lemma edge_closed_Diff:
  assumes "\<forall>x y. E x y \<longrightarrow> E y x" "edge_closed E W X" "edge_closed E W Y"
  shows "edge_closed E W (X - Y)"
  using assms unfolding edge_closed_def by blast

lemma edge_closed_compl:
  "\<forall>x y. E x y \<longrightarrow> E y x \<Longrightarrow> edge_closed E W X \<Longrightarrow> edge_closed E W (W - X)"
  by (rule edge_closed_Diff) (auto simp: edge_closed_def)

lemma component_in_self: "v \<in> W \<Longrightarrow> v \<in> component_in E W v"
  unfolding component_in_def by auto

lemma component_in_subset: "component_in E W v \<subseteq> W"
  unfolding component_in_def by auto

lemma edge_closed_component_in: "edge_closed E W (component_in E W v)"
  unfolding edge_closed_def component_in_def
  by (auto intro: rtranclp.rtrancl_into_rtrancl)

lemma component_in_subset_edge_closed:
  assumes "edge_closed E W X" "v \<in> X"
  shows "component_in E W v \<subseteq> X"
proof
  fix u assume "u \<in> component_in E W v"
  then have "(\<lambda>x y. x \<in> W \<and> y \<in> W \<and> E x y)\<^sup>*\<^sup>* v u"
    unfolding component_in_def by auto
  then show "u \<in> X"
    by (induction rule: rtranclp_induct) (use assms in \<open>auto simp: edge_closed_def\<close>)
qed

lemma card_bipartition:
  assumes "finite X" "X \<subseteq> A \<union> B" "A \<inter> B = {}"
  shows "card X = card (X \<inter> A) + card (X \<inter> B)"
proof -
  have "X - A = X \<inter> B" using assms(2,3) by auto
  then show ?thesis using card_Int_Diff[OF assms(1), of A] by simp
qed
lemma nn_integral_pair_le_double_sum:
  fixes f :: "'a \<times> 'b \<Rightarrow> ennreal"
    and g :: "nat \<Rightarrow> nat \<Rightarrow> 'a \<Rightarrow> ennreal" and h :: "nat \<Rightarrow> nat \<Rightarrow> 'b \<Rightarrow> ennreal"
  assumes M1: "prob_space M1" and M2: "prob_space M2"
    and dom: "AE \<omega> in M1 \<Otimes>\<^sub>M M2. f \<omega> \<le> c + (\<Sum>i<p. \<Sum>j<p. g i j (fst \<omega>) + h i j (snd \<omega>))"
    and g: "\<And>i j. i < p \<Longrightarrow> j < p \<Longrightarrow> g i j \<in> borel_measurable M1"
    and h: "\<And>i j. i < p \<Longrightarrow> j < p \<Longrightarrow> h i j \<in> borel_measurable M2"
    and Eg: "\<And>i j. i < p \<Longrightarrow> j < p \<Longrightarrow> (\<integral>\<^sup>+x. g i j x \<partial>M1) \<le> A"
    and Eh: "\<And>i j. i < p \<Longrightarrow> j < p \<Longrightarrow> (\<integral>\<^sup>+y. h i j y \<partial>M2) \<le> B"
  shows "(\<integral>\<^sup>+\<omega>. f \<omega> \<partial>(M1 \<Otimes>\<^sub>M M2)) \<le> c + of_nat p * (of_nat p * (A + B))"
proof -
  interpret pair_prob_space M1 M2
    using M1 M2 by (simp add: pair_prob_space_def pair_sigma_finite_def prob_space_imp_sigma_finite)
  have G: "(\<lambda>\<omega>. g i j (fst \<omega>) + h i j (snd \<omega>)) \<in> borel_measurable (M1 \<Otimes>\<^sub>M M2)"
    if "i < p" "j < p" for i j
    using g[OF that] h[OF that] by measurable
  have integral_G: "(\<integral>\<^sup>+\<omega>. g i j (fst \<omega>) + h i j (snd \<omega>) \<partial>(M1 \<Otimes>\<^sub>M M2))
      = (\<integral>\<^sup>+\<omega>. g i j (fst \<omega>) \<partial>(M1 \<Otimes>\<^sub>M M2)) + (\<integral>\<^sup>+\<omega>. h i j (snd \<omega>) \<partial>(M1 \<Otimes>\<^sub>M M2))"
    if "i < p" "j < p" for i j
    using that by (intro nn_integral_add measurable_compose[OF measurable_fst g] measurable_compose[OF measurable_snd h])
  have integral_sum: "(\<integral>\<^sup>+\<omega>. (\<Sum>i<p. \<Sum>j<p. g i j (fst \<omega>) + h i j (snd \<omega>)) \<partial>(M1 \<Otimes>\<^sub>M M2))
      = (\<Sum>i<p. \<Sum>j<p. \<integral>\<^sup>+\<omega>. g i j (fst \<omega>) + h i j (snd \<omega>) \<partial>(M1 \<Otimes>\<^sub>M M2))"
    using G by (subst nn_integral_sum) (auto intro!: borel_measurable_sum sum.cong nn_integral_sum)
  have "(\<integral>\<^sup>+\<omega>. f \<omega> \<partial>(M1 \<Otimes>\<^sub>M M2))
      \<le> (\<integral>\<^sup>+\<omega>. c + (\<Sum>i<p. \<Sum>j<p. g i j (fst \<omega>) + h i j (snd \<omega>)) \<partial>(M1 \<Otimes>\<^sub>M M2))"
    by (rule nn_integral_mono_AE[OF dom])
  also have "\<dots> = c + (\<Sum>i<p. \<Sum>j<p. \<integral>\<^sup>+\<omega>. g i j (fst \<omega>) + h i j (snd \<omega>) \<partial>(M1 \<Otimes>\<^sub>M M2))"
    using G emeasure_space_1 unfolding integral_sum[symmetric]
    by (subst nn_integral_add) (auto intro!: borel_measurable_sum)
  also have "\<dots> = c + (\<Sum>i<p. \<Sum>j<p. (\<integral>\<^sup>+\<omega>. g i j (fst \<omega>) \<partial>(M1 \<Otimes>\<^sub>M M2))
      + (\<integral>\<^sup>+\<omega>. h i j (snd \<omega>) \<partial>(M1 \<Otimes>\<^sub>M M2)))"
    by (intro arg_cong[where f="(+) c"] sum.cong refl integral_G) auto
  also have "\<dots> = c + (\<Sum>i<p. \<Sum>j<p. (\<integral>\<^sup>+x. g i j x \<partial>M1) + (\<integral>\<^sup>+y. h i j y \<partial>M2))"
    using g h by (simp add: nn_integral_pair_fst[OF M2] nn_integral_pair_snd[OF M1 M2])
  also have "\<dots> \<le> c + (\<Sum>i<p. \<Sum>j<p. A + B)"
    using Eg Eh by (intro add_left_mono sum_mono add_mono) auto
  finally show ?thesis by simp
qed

====================

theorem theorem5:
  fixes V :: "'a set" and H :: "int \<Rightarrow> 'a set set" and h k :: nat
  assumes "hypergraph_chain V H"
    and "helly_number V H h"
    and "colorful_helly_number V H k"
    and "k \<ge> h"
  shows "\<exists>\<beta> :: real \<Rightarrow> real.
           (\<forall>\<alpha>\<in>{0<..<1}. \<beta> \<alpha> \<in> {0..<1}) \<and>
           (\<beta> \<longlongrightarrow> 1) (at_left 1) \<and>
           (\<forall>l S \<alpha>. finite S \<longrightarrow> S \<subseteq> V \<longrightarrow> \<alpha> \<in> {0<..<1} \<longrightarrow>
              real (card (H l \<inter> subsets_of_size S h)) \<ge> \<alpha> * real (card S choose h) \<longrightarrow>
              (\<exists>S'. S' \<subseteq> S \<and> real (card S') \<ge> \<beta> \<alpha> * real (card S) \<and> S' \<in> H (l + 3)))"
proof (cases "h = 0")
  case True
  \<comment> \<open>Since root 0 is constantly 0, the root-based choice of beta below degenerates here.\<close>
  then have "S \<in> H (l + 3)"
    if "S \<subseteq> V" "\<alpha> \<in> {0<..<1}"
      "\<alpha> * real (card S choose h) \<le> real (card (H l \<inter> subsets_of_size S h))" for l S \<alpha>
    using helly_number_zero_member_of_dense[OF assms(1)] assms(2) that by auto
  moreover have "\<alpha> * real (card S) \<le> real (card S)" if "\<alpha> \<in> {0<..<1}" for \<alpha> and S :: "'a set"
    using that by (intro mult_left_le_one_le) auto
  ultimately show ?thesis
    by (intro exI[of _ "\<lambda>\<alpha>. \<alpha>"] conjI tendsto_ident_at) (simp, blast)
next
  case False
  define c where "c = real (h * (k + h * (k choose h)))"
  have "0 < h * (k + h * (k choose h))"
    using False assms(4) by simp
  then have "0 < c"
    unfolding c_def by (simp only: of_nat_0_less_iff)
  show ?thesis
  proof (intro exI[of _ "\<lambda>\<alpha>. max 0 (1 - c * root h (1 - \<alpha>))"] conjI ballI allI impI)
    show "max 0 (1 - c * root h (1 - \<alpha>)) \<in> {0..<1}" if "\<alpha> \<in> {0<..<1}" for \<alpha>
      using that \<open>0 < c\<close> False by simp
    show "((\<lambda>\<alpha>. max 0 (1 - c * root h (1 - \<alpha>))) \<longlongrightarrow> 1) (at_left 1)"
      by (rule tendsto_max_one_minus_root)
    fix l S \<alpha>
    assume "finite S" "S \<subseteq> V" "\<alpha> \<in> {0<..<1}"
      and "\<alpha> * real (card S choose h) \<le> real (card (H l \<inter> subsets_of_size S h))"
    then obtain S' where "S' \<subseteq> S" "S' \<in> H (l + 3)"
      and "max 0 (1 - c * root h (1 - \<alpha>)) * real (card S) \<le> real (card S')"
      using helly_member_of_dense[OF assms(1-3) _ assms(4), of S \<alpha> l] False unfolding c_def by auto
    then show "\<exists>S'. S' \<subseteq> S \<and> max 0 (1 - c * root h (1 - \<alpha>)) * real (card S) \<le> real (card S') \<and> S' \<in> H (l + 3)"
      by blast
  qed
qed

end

====================

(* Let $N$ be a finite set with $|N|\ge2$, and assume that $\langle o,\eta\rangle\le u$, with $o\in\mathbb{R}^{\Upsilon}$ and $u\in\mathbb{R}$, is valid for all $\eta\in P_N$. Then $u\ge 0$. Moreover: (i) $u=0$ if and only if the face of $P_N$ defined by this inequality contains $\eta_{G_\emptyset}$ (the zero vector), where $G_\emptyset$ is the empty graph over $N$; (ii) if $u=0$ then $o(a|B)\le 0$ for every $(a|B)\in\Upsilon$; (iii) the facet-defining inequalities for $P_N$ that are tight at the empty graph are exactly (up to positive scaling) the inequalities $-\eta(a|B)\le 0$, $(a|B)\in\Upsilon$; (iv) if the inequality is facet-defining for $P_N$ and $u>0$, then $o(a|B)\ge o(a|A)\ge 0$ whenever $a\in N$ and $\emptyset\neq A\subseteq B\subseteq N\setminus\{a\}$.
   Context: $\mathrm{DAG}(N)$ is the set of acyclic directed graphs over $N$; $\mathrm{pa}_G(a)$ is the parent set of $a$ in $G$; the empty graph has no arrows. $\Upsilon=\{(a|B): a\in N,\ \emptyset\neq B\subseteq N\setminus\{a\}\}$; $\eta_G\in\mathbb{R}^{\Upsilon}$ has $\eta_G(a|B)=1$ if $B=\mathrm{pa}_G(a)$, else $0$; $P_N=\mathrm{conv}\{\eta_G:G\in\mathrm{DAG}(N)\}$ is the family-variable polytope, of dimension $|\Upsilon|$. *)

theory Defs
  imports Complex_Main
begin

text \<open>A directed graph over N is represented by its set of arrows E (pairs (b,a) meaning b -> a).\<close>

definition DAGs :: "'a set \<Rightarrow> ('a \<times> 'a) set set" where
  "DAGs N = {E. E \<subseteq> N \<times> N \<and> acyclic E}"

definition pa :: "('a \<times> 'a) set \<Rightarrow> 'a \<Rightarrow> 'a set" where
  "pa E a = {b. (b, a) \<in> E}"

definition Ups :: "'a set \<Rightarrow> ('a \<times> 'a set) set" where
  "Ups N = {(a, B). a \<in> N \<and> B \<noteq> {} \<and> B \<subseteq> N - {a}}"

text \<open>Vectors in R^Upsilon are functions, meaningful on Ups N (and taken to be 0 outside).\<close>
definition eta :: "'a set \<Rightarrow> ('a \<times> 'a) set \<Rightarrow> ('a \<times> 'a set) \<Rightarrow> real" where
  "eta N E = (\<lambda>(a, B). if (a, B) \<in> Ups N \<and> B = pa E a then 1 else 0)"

====================

◆ REQUIRED ACTION
Go through the records line by line, and copy each line that holds the string "acyclic".

◆ ANSWER FOR THE TASK
   Context: $\mathrm{DAG}(N)$ is the set of acyclic directed graphs over $N$; $\mathrm{pa}_G(a)$ is the parent set of $a$ in $G$; the empty graph has no arrows. $\Upsilon=\{(a|B): a\in N,\ \emptyset\neq B\subseteq N\setminus\{a\}\}$; $\eta_G\in\mathbb{R}^{\Upsilon}$ has $\eta_G(a|B)=1$ if $B=\mathrm{pa}_G(a)$, else $0$; $P_N=\mathrm{conv}\{\eta_G:G\in\mathrm{DAG}(N)\}$ is the family-variable polytope, of dimension $|\Upsilon|$. *)
  "DAGs N = {E. E \<subseteq> N \<times> N \<and> acyclic E}"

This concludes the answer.